Quote, word for word, every line starting at the line that contains "using k unfolding" and ending with the last line of the records; include both of these lines and no others.
[RECORDS PROVIDED Boundary: Start]
(* Let $F$ be a pseudo-Boolean formula and let $(\mathcal{C},\mathcal{D},\mathcal{O},\mathcal{S},\vec z,\vec a)$ be a configuration satisfying the standing invariants below that is weakly $F$-valid. Suppose that a PB constraint $C$ and a substitution $\omega$ satisfy: $C$ contains no variable of $\vec a$; no variable is mapped by $\omega$ to a literal over a variable of $\vec a$; and there is a cutting planes derivation $\mathcal{C}\cup\mathcal{D}\cup\{\neg C\}\cup\mathcal{S}(\vec z{\upharpoonright}_\omega,\vec z,\vec a)\vdash(\mathcal{C}\cup\mathcal{D}\cup\{C\}){\upharpoonright}_\omega\cup\mathcal{O}(\vec z{\upharpoonright}_\omega,\vec z,\vec a)$ (i.e., the transition to $(\mathcal{C},\mathcal{D}\cup\{C\},\mathcal{O},\mathcal{S},\vec z,\vec a)$ is a valid application of the redundance rule). Then $(\mathcal{C},\mathcal{D}\cup\{C\},\mathcal{O},\mathcal{S},\vec z,\vec a)$ is also weakly $F$-valid.
   Context: A literal is $x$ or $\bar x=1-x$; a PB constraint is $\sum_i a_i\ell_i\ge A$ with negation $\neg C\doteq\sum_i a_i\bar\ell_i\ge\sum_i a_i-A+1$; formulas are sets of PB constraints; $\vdash$ is cutting planes derivability (sound). Substitutions $\omega$ map variables to $0,1$ or literals, with $\omega(\bar x)=\overline{\omega(x)}$, $\mathrm{supp}(\omega)=\{x:\omega(x)\ne x\}$, $F{\upharpoonright}_\omega$ the result of applying $\omega$ to each literal of each constraint, $\vec z{\upharpoonright}_\omega=\omega(z_1),\dots,\omega(z_n)$, $(\alpha\circ\omega)(x)=\alpha(\omega(x))$. A formula $\mathcal{S}(\vec x,\vec a)=\{C_1,\dots,C_m\}$ is a specification over $\vec a$ if there are substitutions $\omega_i$ with $\mathrm{supp}(\omega_i)\subseteq\vec a$ such that $\{C_1,\dots,C_{i-1},\neg C_i\}\vdash\{C_1{\upharpoonright}_{\omega_i},\dots,C_i{\upharpoonright}_{\omega_i}\}$ for each $i$. Given formulas $\mathcal{O}(\vec u,\vec v,\vec a)$, $\mathcal{S}(\vec u,\vec v,\vec a)$ ($\vec u,\vec v$ of length $n$) and a list $\vec z$ of $n$ variables, $\alpha\preceq\beta$ holds iff there is an assignment $\rho$ to $\vec a$ with $\mathcal{S}(\vec z{\upharpoonright}_\alpha,\vec z{\upharpoonright}_\beta,\vec a{\upharpoonright}_\rho)\wedge\mathcal{O}(\vec z{\upharpoonright}_\alpha,\vec z{\upharpoonright}_\beta,\vec a{\upharpoonright}_\rho)$ true. A configuration is a tuple $(\mathcal{C},\mathcal{D},\mathcal{O},\mathcal{S},\vec z,\vec a)$ of formulas $\mathcal{C}$ (core), $\mathcal{D}$ (derived), $\mathcal{O},\mathcal{S}$ and disjoint variable lists $\vec z,\vec a$, satisfying the standing invariants: (1) there are cutting planes derivations $\mathcal{S}(\vec x,\vec x,\vec a)\vdash\mathcal{O}(\vec x,\vec x,\vec a)$ and $\mathcal{S}(\vec x,\vec y,\vec a)\cup\mathcal{O}(\vec x,\vec y,\vec a)\cup\mathcal{S}(\vec y,\vec z',\vec b)\cup\mathcal{O}(\vec y,\vec z',\vec b)\cup\mathcal{S}(\vec x,\vec z',\vec c)\vdash\mathcal{O}(\vec x,\vec z',\vec c)$ for fresh variable lists; (2) $\mathcal{S}$ is a specification over $\vec a$; (3) the variables of $\vec a$ occur only in $\mathcal{O}$ and $\mathcal{S}$ and are disjoint from $\vec z$. Assignments satisfying $\mathcal{C}\cup\mathcal{D}$ are total assignments to the non-auxiliary variables (they do not assign $\vec a$). The configuration is weakly $F$-valid if (1) if $F$ is satisfiable then $\mathcal{C}$ is satisfiable, and (2) for every assignment $\alpha$ satisfying $\mathcal{C}$ there is an assignment $\alpha'$ satisfying $\mathcal{C}\cup\mathcal{D}$ with $\alpha'\preceq\alpha$. *)

theory Defs
  imports Main
begin
lemma exists_power_weighted_integral_neg:
  fixes h w :: "complex \<Rightarrow> real"
  assumes cont: "continuous_on UNIV h" "continuous_on UNIV w"
    and z0: "z0 \<in> msupp M" and "0 < r" "0 < c" "0 < U" "U < L"
    and near: "\<And>z. z \<in> ball z0 r \<Longrightarrow> h z \<le> - c \<and> L \<le> w z"
    and nonneg: "\<And>z. z \<in> msupp M \<Longrightarrow> 0 \<le> w z"
    and far: "\<And>z. z \<in> msupp M \<Longrightarrow> 0 \<le> h z \<Longrightarrow> w z \<le> U"
  shows "\<exists>N. (\<integral>z. h z * w z ^ N \<partial>M) < 0"
proof -
  have "bounded (h ` msupp M)"
    by (intro compact_imp_bounded compact_continuous_image continuous_on_subset[OF cont(1)] compact_msupp) simp
  then obtain G where G: "0 < G" "\<And>z. z \<in> msupp M \<Longrightarrow> h z \<le> G"
    unfolding bounded_pos by (auto dest: abs_le_D1)
  define \<mu>A where "\<mu>A = measure M (ball z0 r)"
  define \<mu>T where "\<mu>T = measure M UNIV"
  have "0 < \<mu>A" "0 \<le> \<mu>T"
    unfolding \<mu>A_def \<mu>T_def using measure_ball_pos[OF z0 \<open>0 < r\<close>] by simp_all
  obtain N where N: "(U / L) ^ N < c * \<mu>A / (G * \<mu>T + 1)"
    using real_arch_pow_inv[of "c * \<mu>A / (G * \<mu>T + 1)" "U / L"] \<open>0 < \<mu>A\<close> \<open>0 \<le> \<mu>T\<close> G(1)
      \<open>0 < c\<close> \<open>0 < U\<close> \<open>U < L\<close> by (auto simp: add_nonneg_pos)
  have "L > 0"
    using \<open>0 < U\<close> \<open>U < L\<close> by simp
  have bound: "AE z in M. h z * w z ^ N \<le> - c * L ^ N * indicator (ball z0 r) z + G * U ^ N"
    using AE_in_msupp
  proof eventually_elim
    case (elim z)
    have GU: "0 \<le> G * U ^ N"
      using G(1) \<open>0 < U\<close> by simp
    show ?case
    proof (cases "z \<in> ball z0 r")
      case True
      then have "h z * w z ^ N \<le> - c * w z ^ N"
        using near[OF True] nonneg[OF elim] by (intro mult_right_mono) auto
      also have "\<dots> \<le> - c * L ^ N"
        using near[OF True] \<open>0 < c\<close> \<open>L > 0\<close> by (simp add: power_mono)
      finally show ?thesis
        using True GU by simp
    next
      case False
      have "h z * w z ^ N \<le> G * U ^ N"
      proof (cases "0 \<le> h z")
        case True
        then show ?thesis
          using G(2)[OF elim] nonneg[OF elim] far[OF elim True]
          by (intro mult_mono power_mono) auto
      next
        case False
        then show ?thesis
          using GU nonneg[OF elim] by (smt (verit) mult_nonpos_nonneg zero_le_power)
      qed
      then show ?thesis
        using False by simp
    qed
  qed
  have "(\<integral>z. h z * w z ^ N \<partial>M) \<le> (\<integral>z. - c * L ^ N * indicator (ball z0 r) z + G * U ^ N \<partial>M)"
    using bound
    by (intro integral_mono_AE integrable_continuous continuous_intros cont
        Bochner_Integration.integrable_add integrable_indicator_ball finite_measure.integrable_const[OF finite_M])
  also have "\<dots> = - c * L ^ N * \<mu>A + G * U ^ N * \<mu>T"
    unfolding \<mu>A_def \<mu>T_def
    by (subst Bochner_Integration.integral_add[OF integrable_indicator_ball finite_measure.integrable_const[OF finite_M]])
      (simp add: integral_indicator_ball)
  also have "\<dots> < 0"
  proof -
    have GT: "0 < G * \<mu>T + 1"
      using G(1) \<open>0 \<le> \<mu>T\<close> by (simp add: add_nonneg_pos)
    have "G * \<mu>T * (U / L) ^ N \<le> (G * \<mu>T + 1) * (U / L) ^ N"
      using \<open>0 < U\<close> \<open>L > 0\<close> by (intro mult_right_mono) auto
    also have "\<dots> < (G * \<mu>T + 1) * (c * \<mu>A / (G * \<mu>T + 1))"
      using GT N by (rule mult_strict_left_mono[rotated])
    also have "\<dots> = c * \<mu>A"
      using GT by simp
    finally have "G * \<mu>T * (U / L) ^ N < c * \<mu>A" .
    then have "G * \<mu>T * (U / L) ^ N * L ^ N < c * \<mu>A * L ^ N"
      using \<open>L > 0\<close> by simp
    then show ?thesis
      using \<open>L > 0\<close> by (simp add: power_divide mult_ac)
  qed
  finally show ?thesis
    by blast
qed
text \<open>
  If the sums of \<open>p\<close> over the subsets of every \<open>Z \<subseteq> U\<close> are \<open>0\<close> or \<open>2^|Z|\<close>, a smallest \<open>Z\<close>
  with nonzero sum has sum \<open>p Z \<le> 2\<close>, so it is a singleton.
\<close>
lemma sum_Pow_zero_or_full_imp_singleton:
  fixes p :: "'a set \<Rightarrow> nat"
  assumes "finite U" "p {} = 0" "\<And>Y. p Y \<le> 2"
    and zero_or_full: "\<And>Z. Z \<subseteq> U \<Longrightarrow> (\<Sum>Y\<in>Pow Z. p Y) \<in> {0, 2 ^ card Z}"
    and "(\<Sum>Y\<in>Pow U. p Y) \<noteq> 0"
  shows "\<exists>m\<in>U. p {m} = 2"
proof -
  obtain Z where Z: "Z \<subseteq> U" "(\<Sum>Y\<in>Pow Z. p Y) \<noteq> 0"
    and minimal: "\<And>Z'. Z' \<subseteq> U \<Longrightarrow> (\<Sum>Y\<in>Pow Z'. p Y) \<noteq> 0 \<Longrightarrow> card Z \<le> card Z'"
    using ex_has_least_nat[of "\<lambda>Z. Z \<subseteq> U \<and> (\<Sum>Y\<in>Pow Z. p Y) \<noteq> 0" U card] assms(5) by blast
  have "finite Z"
    using Z(1) assms(1) finite_subset by blast
  have "p Y = 0" if "Y \<subset> Z" for Y
  proof -
    have "finite Y" "card Y < card Z"
      using that \<open>finite Z\<close> by (auto intro: psubset_card_mono finite_subset)
    then have "(\<Sum>Y'\<in>Pow Y. p Y') = 0"
      using minimal[of Y] that Z(1) by fastforce
    then show ?thesis
      using \<open>finite Y\<close> by simp
  qed
  then have "(\<Sum>Y\<in>Pow Z. p Y) = p Z"
    using \<open>finite Z\<close> by (simp add: sum.remove[of "Pow Z" Z] sum.neutral psubsetI)
  then have "p Z = 2 ^ card Z"
    using zero_or_full[OF Z(1)] Z(2) by simp
  moreover have "Z \<noteq> {}"
    using Z(2) assms(2) by auto
  moreover have "\<not> 2 \<le> card Z"
  proof
    assume "2 \<le> card Z"
    then have "(4::nat) \<le> 2 ^ card Z"
      using power_increasing[of 2 "card Z" "2::nat"] by simp
    then show False
      using \<open>p Z = 2 ^ card Z\<close> assms(3)[of Z] by simp
  qed
  ultimately obtain m where "Z = {m}"
    using finite_card_cases[OF \<open>finite Z\<close>] by blast
  then show ?thesis
    using Z(1) \<open>p Z = 2 ^ card Z\<close> by auto
qed

definition count_below :: "'a set set \<Rightarrow> 'a set \<Rightarrow> nat" where
  "count_below S X = card {Y \<in> S. Y \<subseteq> X}"

definition del_mult :: "'a set set \<Rightarrow> 'a \<Rightarrow> 'a set \<Rightarrow> nat" where
  "del_mult S e X = of_bool (X \<in> S) + of_bool (insert e X \<in> S)"

lemma delg_eq_del_mult: "delg S e X = real (del_mult S e X)"
  unfolding delg_def indS_def del_mult_def by simp

lemma del_mult_le_2: "del_mult S e X \<le> 2"
  unfolding del_mult_def by simp

lemma count_below_eq_sum: "finite X \<Longrightarrow> count_below S X = (\<Sum>Y\<in>Pow X. of_bool (Y \<in> S))"
  unfolding count_below_def by (simp add: Int_def conj_commute)

lemma count_below_insert:
  "finite X \<Longrightarrow> a \<notin> X \<Longrightarrow>
    count_below S (insert a X) = count_below S X + (\<Sum>Y\<in>Pow X. of_bool (insert a Y \<in> S))"
  unfolding count_below_eq_sum[OF finite_insert[THEN iffD2]] count_below_eq_sum
  by (rule sum_Pow_insert)

lemma count_below_insert_eq_sum_del_mult:
  "finite X \<Longrightarrow> a \<notin> X \<Longrightarrow> count_below S (insert a X) = (\<Sum>Y\<in>Pow X. del_mult S a Y)"
  using count_below_insert[of X a S] count_below_eq_sum[of X S]
  by (simp add: del_mult_def sum.distrib del: sum_of_bool_eq)

lemma count_below_insert_insert_if_del_mult_1:
  assumes "finite Z" "x \<notin> insert e Z" "e \<notin> Z" and "\<And>Y. Y \<subseteq> Z \<Longrightarrow> del_mult S e Y = 1"
  shows "count_below S (insert x (insert e Z)) = 2 ^ card Z + (\<Sum>Y\<in>Pow Z. del_mult S e (insert x Y))"
proof -
  have "count_below S (insert e Z) = (\<Sum>Y\<in>Pow Z. 1)"
    unfolding count_below_insert_eq_sum_del_mult[OF assms(1,3)] using assms(4) by (intro sum.cong) auto
  also have "\<dots> = 2 ^ card Z"
    using assms(1) by (simp add: card_Pow)
  moreover have "(\<Sum>Y\<in>Pow (insert e Z). of_bool (insert x Y \<in> S)) = (\<Sum>Y\<in>Pow Z. del_mult S e (insert x Y))"
    using assms(1,3) by (simp add: sum_Pow_insert sum.distrib del_mult_def insert_commute del: sum_of_bool_eq)
  ultimately show ?thesis
    using assms(1,2) by (simp add: count_below_insert del: sum_of_bool_eq)
qed

text \<open>
  Inclusion-exclusion over \<open>x\<close> and \<open>y\<close>: fewer than \<open>2^(|W|-2)\<close> members below \<open>W\<close> contain both,
  as \<open>{x, y}\<close> itself is missing.
\<close>
lemma count_below_less_add_Diff:
  assumes "finite W" "x \<in> W" "y \<in> W" "x \<noteq> y" "{x, y} \<notin> S"
  shows "count_below S W < count_below S (W - {x}) + count_below S (W - {y}) + 2 ^ (card W - 2)"
proof -
  define W' where "W' = W - {x, y}"
  have "finite W'"
    using assms(1) unfolding W'_def by simp
  have decomp: "W - {x} = insert y W'" "W - {y} = insert x W'" "W = insert x (insert y W')"
    and "x \<notin> W'" "y \<notin> W'"
    using assms(2-4) unfolding W'_def by auto
  have "card W = card W' + 2"
    unfolding decomp(3) using \<open>finite W'\<close> \<open>x \<notin> W'\<close> \<open>y \<notin> W'\<close> assms(4) by simp
  let ?fx = "\<lambda>Y. of_bool (insert x Y \<in> S) :: nat"
  let ?fxy = "\<lambda>Y. of_bool (insert x (insert y Y) \<in> S) :: nat"
  have "count_below S W = count_below S (W - {x}) + (\<Sum>Y\<in>Pow W'. ?fx Y) + (\<Sum>Y\<in>Pow W'. ?fxy Y)"
    using count_below_insert[of "insert y W'" x S] sum_Pow_insert[of W' y ?fx]
      \<open>finite W'\<close> \<open>x \<notin> W'\<close> \<open>y \<notin> W'\<close> assms(4) unfolding decomp by simp
  moreover have "(\<Sum>Y\<in>Pow W'. ?fx Y) \<le> count_below S (W - {y})"
    using count_below_insert[of W' x S] \<open>finite W'\<close> \<open>x \<notin> W'\<close> unfolding decomp(2) by simp
  moreover have "(\<Sum>Y\<in>Pow W'. ?fxy Y) < 2 ^ card W'"
  proof -
    have "Pow W' \<inter> {Y. insert x (insert y Y) \<in> S} \<subset> Pow W'"
      using assms(5) by auto
    then have "card (Pow W' \<inter> {Y. insert x (insert y Y) \<in> S}) < card (Pow W')"
      using \<open>finite W'\<close> by (intro psubset_card_mono) auto
    then show ?thesis
      using \<open>finite W'\<close> by (simp add: card_Pow)
  qed
  ultimately show ?thesis
    using \<open>card W = card W' + 2\<close> by simp
qed

locale powerful_family =
  fixes E :: "'a set" and S :: "'a set set"
  assumes powerful: "powerful E S"
begin

lemma finite_ground: "finite E"
  using powerful unfolding powerful_def by blast

lemma members_subset_Pow: "S \<subseteq> Pow E"
  using powerful unfolding powerful_def by blast

lemma is_pow2_count_below: "X \<subseteq> E \<Longrightarrow> is_pow2 (count_below S X)"
  using powerful unfolding powerful_def is_pow2_def count_below_def by blast

lemma empty_mem: "{} \<in> S"
proof (rule ccontr)
  assume "{} \<notin> S"
  then have "{Y \<in> S. Y \<subseteq> {}} = {}"
    by auto
  then show False
    using is_pow2_ge_1[OF is_pow2_count_below[of "{}"]] unfolding count_below_def
    by (metis card.empty empty_subsetI not_one_le_zero)
qed

lemma rankS_ground: "count_below S E = 2 ^ k \<Longrightarrow> rankS E S E = k"
proof -
  assume k: "count_below S E = 2 ^ k"
  have "{Y \<in> S. Y \<subseteq> E - E} = {{}}" and "{Y \<in> S. Y \<subseteq> E} = S"
    using empty_mem members_subset_Pow by auto
  then show ?thesis
    using k unfolding rankS_def count_below_def by simp
qed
[RECORDS PROVIDED Boundary: End]
_EXERCISE RESPONSE:_
    using k unfolding rankS_def count_below_def by simp
qed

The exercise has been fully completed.